The future in Iraq will come slow because there are so many players, each playing a different game. The Kurds fight the Iraqis. The Turks fight the Kurds. The Kurds fight themselves. The Shi-ites fight the Sunnis. The Americans, the British, the Republican Guard, the fedayeen, the Baathists, the irregulars, the suicide bombers, the Iranians, the Syrians, the Arabs, the Bedouin, the returning exiles, and all the various village and regional clans–all those players, all playing different games.

There’s the law-and-order game: Who will police Iraq now that the police are gone? Who will control the interim government? (We Americans hate “interims.” We want the finished product, now.)

There’s the democracy game: When will there be free elections? Who will be allowed to run for office? What if fundamentalist Shi-ites win?

There’s the rebuilding game: Can Oxfam and Unicef get enough clean water to Basra’s children to prevent epidemics of dysentery and cholera? Can the International Red Cross get medicine to Baghdad’s hospitals? Does Iraqi oil pay for Iraq’s rebuilding or do the Americans who bombed it do the paying? Do only American and British companies get that rebuilding money? Do only contributors to the Bush election campaign get that money?

There’s the global power game: Does the U.S. now get to use Iraq as a base–and a precedent–to invade Syria and Iran, too? Has the war injured the terrorists–or inflamed them? Will the U.S. victory bring secular democracy to the Middle East or more entrenched fundamentalism? Will Russia and France serve as the core magnet of a third major power in the world, a Eurocentric third weight to balance against China and the U.S., or will they slide into impotence and irrelevance?

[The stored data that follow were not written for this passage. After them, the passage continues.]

(* Let $K$ be a field, let $A$ be a finitely presented $K$-algebra, and let $I$ be a right ideal of $A$ that is finitely presented as a right $A$-module. If $AI=A$, then the subalgebra $K+I$ (where $K$ denotes $K\cdot 1_A$) is a finitely presented $K$-algebra.
   Context: A $K$-algebra (associative, with $1$) is finitely presented if it is isomorphic to the free associative $K$-algebra on finitely many generators modulo a two-sided ideal generated by finitely many elements. A right $A$-module $V$ is finitely presented if $V\cong F/U$ with $F$ a finitely generated free right $A$-module and $U$ a finitely generated submodule. $AI$ denotes the additive subgroup spanned by all products $ai$ with $a\in A$, $i\in I$. *)

theory Defs
  imports Main "HOL-Library.Poly_Mapping"
begin

definition k_algebra :: "('k::field \<Rightarrow> 'a::ring_1) \<Rightarrow> bool" where
  "k_algebra \<phi> \<longleftrightarrow> \<phi> 1 = 1 \<and> (\<forall>x y. \<phi> (x + y) = \<phi> x + \<phi> y)
     \<and> (\<forall>x y. \<phi> (x * y) = \<phi> x * \<phi> y) \<and> (\<forall>c a. \<phi> c * a = a * \<phi> c)"

datatype word = Word (letters: "nat list")

instantiation word :: monoid_add
begin
definition zero_word :: word where "zero_word = Word []"
definition plus_word :: "word \<Rightarrow> word \<Rightarrow> word" where
  "plus_word u v = Word (letters u @ letters v)"
instance by standard (auto simp: zero_word_def plus_word_def)
end

text \<open>The free associative K-algebra (noncommutative polynomials) with
  multiplication the convolution over word concatenation.\<close>
type_synonym 'k free_alg = "word \<Rightarrow>\<^sub>0 'k"

definition free_alg_n :: "nat \<Rightarrow> 'k::field free_alg set" where
  "free_alg_n n = {p. \<forall>w \<in> Poly_Mapping.keys p. set (letters w) \<subseteq> {..<n}}"

definition fa_eval :: "('k::field \<Rightarrow> 'a::ring_1) \<Rightarrow> (nat \<Rightarrow> 'a) \<Rightarrow> 'k free_alg \<Rightarrow> 'a" where
  "fa_eval \<phi> g p = (\<Sum>w \<in> Poly_Mapping.keys p. \<phi> (Poly_Mapping.lookup p w) * prod_list (map g (letters w)))"

definition fa_ideal_gen :: "nat \<Rightarrow> 'k::field free_alg set \<Rightarrow> 'k free_alg set" where
  "fa_ideal_gen n R = {(\<Sum>j<m. u j * r j * v j) | (m::nat) u r v.
       \<forall>j<m. u j \<in> free_alg_n n \<and> r j \<in> R \<and> v j \<in> free_alg_n n}"

definition fp_algebra :: "('k::field \<Rightarrow> 'a::ring_1) \<Rightarrow> 'a set \<Rightarrow> bool" where
  "fp_algebra \<phi> S \<longleftrightarrow> (\<exists>n g R. (\<forall>i<n. g i \<in> S) \<and> S = fa_eval \<phi> g ` free_alg_n n
      \<and> finite R \<and> R \<subseteq> free_alg_n n
      \<and> {p \<in> free_alg_n n. fa_eval \<phi> g p = 0} = fa_ideal_gen n R)"
theorem mainTheorem7:
  fixes R \<alpha> :: real and u v g :: "real \<Rightarrow> real"
  assumes "0 < R" "R < pi / 2"
    and "smooth_fun u" "smooth_fun v"
    and "\<forall>t. u (t + 2 * pi) = u t" "\<forall>t. v (t + 2 * pi) = v t"
    and "0 < \<alpha>" "\<alpha> < pi"
    and "\<forall>t. (\<lambda>\<epsilon>. fdef \<alpha> R u v \<epsilon> t - fdef \<alpha> R u v 0 t - \<epsilon> * g t) \<in> O[at 0](\<lambda>\<epsilon>. \<epsilon> ^ 2)"
  shows "integral {0..2 * pi} (\<lambda>t. g t * cos t) = 0
       \<and> integral {0..2 * pi} (\<lambda>t. g t * sin t) = 0"
proof -
  have u': "\<And>x. (u has_real_derivative deriv u x) (at x)"
    and u'': "\<And>x. (deriv u has_real_derivative deriv (deriv u) x) (at x)"
    and v': "\<And>x. (v has_real_derivative deriv v x) (at x)"
    and v'': "\<And>x. (deriv v has_real_derivative deriv (deriv v) x) (at x)"
    using smooth_fun_has_real_derivative[OF assms(3), of 0] smooth_fun_has_real_derivative[OF assms(3), of 1]
      smooth_fun_has_real_derivative[OF assms(4), of 0] smooth_fun_has_real_derivative[OF assms(4), of 1]
    by simp_all
  define c where "c = inverse (1 + (sph_geod_curv 1 0 R 0 0 / sin \<alpha>)^2) / ((sin R)^2 * sin \<alpha>)"
  have g: "g t = c * (deriv (deriv v) t + v t)" for t
  proof -
    have "((\<lambda>e. sph_geod_curv (1 + e * deriv u t) (e * deriv (deriv u) t) (R + e * v t)
        (e * deriv v t) (e * deriv (deriv v) t)) has_real_derivative
        -(deriv (deriv v) t + v t) / (sin R)^2) (at 0)"
      by (rule sph_geod_curv_latitude_has_real_derivative) (use assms(1,2) in auto)
    from DERIV_chain2[OF DERIV_arccot DERIV_cdivide[OF this, of "sin \<alpha>"]]
    have "((\<lambda>e. fdef \<alpha> R u v e t) has_real_derivative c * (deriv (deriv v) t + v t)) (at 0)"
      unfolding fdef_eq_arccot_sph_geod_curv[OF u' u'' v' v''] c_def
      by (simp add: divide_inverse algebra_simps)
    with assms(9) show ?thesis
      using first_order_coeff_eq_deriv by blast
  qed
  from has_integral_deriv2_add_harmonics[OF assms(6) v' v'', THEN has_integral_mult_right[where c = c]]
  have "((\<lambda>t. g t * cos t) has_integral 0) {0..2 * pi}" "((\<lambda>t. g t * sin t) has_integral 0) {0..2 * pi}"
    unfolding g mult.assoc by simp_all
  then show ?thesis
    by (simp add: integral_unique)
qed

It will be a long time before we know the outcomes of these games. Almost certainly, we Americans will have stopped paying attention by then. (Of course, there are some games we never pay attention to in the first place: for example, the game in central Africa that has killed over 2 million people in the last decade and left thousands of women and children with their hands hacked off–a half-century-long game far too slow and complicated for our attention span.)

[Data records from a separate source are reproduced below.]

lemma residual_cscalar_q:
  assumes z: "z \<in> carrier_vec k" and m: "1 \<le> m" "m \<le> k"
  shows "(b - D *\<^sub>v ((Qmat q N k * Umat u k) *\<^sub>v z)) \<bullet>c q m
    = complex_of_real (vnorm b) * (if m = 1 then 1 else 0) - (Tmat c1 c2 u l k *\<^sub>v z) $ (m - 1)"
proof -
  have "b \<bullet>c q m = complex_of_real (vnorm b) * (q 1 \<bullet>c q m)"
    using q_carrier[of 1] q_carrier[of m] m by (subst b_eq) (simp add: cscalar_prod_smult_left[of _ N])
  also have "q 1 \<bullet>c q m = (if m = 1 then 1 else 0)"
    using cscalar_prod_q_q[of 1 m] m by auto
  moreover have "D *\<^sub>v ((Qmat q N k * Umat u k) *\<^sub>v z) \<in> carrier_vec N" "q m \<in> carrier_vec N"
    using q_carrier m by (auto intro: carrier_vecI)
  ultimately show ?thesis
    using D_QU_cscalar_q[OF assms] b_carrier by (simp add: cscalar_prod_diff_left[of _ N])
qed

lemma galerkin_residual_orth:
  assumes z: "z \<in> carrier_vec k" "Tmat c1 c2 u l k *\<^sub>v z = complex_of_real (vnorm b) \<cdot>\<^sub>v unit_vec k 0"
    and y: "y \<in> krylov D b k"
  shows "(b - D *\<^sub>v ((Qmat q N k * Umat u k) *\<^sub>v z)) \<bullet>c y = 0"
proof (rule cscalar_prod_span_q_eq_0)
  show "y \<in> span_q k"
    using y krylov_subset_span_q by auto
  fix m assume "1 \<le> m" "m \<le> k"
  then show "(b - D *\<^sub>v ((Qmat q N k * Umat u k) *\<^sub>v z)) \<bullet>c q m = 0"
    using residual_cscalar_q[OF z(1)] z(2) by simp
qed (auto intro: carrier_vecI simp: b_carrier)

lemma galerkin_solution_in_krylov:
  assumes k: "1 \<le> k"
    and z: "z \<in> carrier_vec k" "Tmat c1 c2 u l k *\<^sub>v z = complex_of_real (vnorm b) \<cdot>\<^sub>v unit_vec k 0"
  shows "(Qmat q N k * Umat u k) *\<^sub>v z \<in> krylov D b k"
proof (cases "c2 = 0")
  case False
  then show ?thesis
    using QU_mult_vec_in_span_q[OF z(1)] span_q_subset_krylov by auto
next
  case True
  \<comment> \<open>the Krylov space is only \<open>span {b}\<close> now, but \<open>D = c1 I\<close> and the residual vanishes\<close>
  let ?x = "(Qmat q N k * Umat u k) *\<^sub>v z"
  let ?r = "b - D *\<^sub>v ?x"
  have x: "?x \<in> span_q k" "?x \<in> carrier_vec N"
    using QU_mult_vec_in_span_q[OF z(1)] span_q_carrier by auto
  have Dx: "D *\<^sub>v ?x = complex_of_real c1 \<cdot>\<^sub>v ?x"
    using D_mult_vec[OF x(2)] True x(2) V_carrier by (auto intro!: eq_vecI)
  have "q 1 \<in> span_q k"
    using q_in_span_q[of 1 k] k by simp
  then have "b \<in> span_q k"
    by (subst b_eq) (rule vec_subspaceD(4)[OF col_span_subspace])
  then have r: "?r \<in> span_q k" "?r \<in> carrier_vec N"
    unfolding Dx using x b_carrier
    by (auto intro: vec_subspace_diff[OF col_span_subspace] vec_subspaceD(4)[OF col_span_subspace])
  have "?r \<bullet>c ?r = 0"
  proof (rule cscalar_prod_span_q_eq_0[OF r(2) _ _ r(1)])
    fix m assume "1 \<le> m" "m \<le> k"
    then show "?r \<bullet>c q m = 0"
      using residual_cscalar_q[OF z(1)] z(2) by simp
  qed simp
  then have "?r = 0\<^sub>v N"
    by (rule conjugate_square_eq_0_vec[OF r(2), THEN iffD1])
  then have "complex_of_real c1 \<cdot>\<^sub>v ?x = b"
    using diff_eq_0_vec_iff[of b N "D *\<^sub>v ?x"] b_carrier Dx by (simp add: carrier_vecI)
  then have "c1 \<noteq> 0" "?x = (1 / complex_of_real c1) \<cdot>\<^sub>v b"
    using b_nonzero x(2) b_carrier by (auto intro!: eq_vecI)
  then show ?thesis
    using b_in_krylov[OF k] by (simp add: vec_subspaceD(4)[OF krylov_subspace])
qed

lemma D_orth_krylov_imp_zero:
  assumes det: "det (Tmat c1 c2 u l k) \<noteq> 0" and c1: "c2 = 0 \<Longrightarrow> c1 \<noteq> 0"
    and d: "d \<in> krylov D b k" and Dd: "\<And>y. y \<in> krylov D b k \<Longrightarrow> (D *\<^sub>v d) \<bullet>c y = 0"
  shows "d = 0\<^sub>v N"
proof (cases "c2 = 0")
  case True
  have d_carrier: "d \<in> carrier_vec N"
    using d vec_subspaceD(1)[OF krylov_subspace] by blast
  then have "D *\<^sub>v d = complex_of_real c1 \<cdot>\<^sub>v d"
    using D_mult_vec True V_carrier by (auto intro!: eq_vecI)
  then show ?thesis
    using Dd[OF d] c1[OF True] d_carrier by simp
next
  case False
  obtain z where z: "z \<in> carrier_vec k" "d = (Qmat q N k * Umat u k) *\<^sub>v z"
    using span_q_QU d krylov_subset_span_q by blast
  have "Tmat c1 c2 u l k *\<^sub>v z = 0\<^sub>v k"
  proof (rule eq_vecI)
    fix r assume "r < dim_vec (0\<^sub>v k :: complex vec)"
    then have r: "1 \<le> r + 1" "r + 1 \<le> k"
      by auto
    then have "q (r + 1) \<in> krylov D b k"
      using q_in_span_q span_q_subset_krylov[OF False] by auto
    then show "(Tmat c1 c2 u l k *\<^sub>v z) $ r = 0\<^sub>v k $ r"
      using Dd D_QU_cscalar_q[OF z(1) r] z(2) r by simp
  qed simp
  then have "z = 0\<^sub>v k"
    using minv_mult_vec_eq[OF Tmat_carrier det z(1)] minv_carrier[OF Tmat_carrier det]
    by (auto intro!: eq_vecI)
  then show ?thesis
    using z(2) mult_mat_vec_zero[OF mult_carrier_mat[OF Qmat_carrier Umat_carrier]] by simp
qed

We Americans love the 100-yard dash. (The 10,000-meter run? Well, we leave that to the Ethiopians and Algerians.) We love the slam dunk and the quick-launched three-pointer. (Working the shot clock while waiting for the give-and-go? Well, we leave that to the pointed heads in the Ivy League, who are hardly typical Americans.) We want our quick buck, our Speed Pass, our fast food, and our overnight dry cleaning.

We are, in other words, adolescents. Our impatience is our great national virtue and our curse. We have energy and verve and muscle, and we make things happen fast. It’s why we are the greatest inventors the world has ever seen. The French will take hours to prepare a meal, and then take hours to eat it. The Germans will sit not just for a three-hour opera, but for a twelve-hour Ring Cycle. The Russians–well, the Russians have been waiting in lines for centuries, and a four-hour game of chess is for them a pleasure. The Russians and the French and the Germans, you see, are grownups. But we are adolescents, and we hate to wait.

Some things, however, demand the long wait and the long-range view: great wines, for example, and global warming. And the wisdom of age. And world history.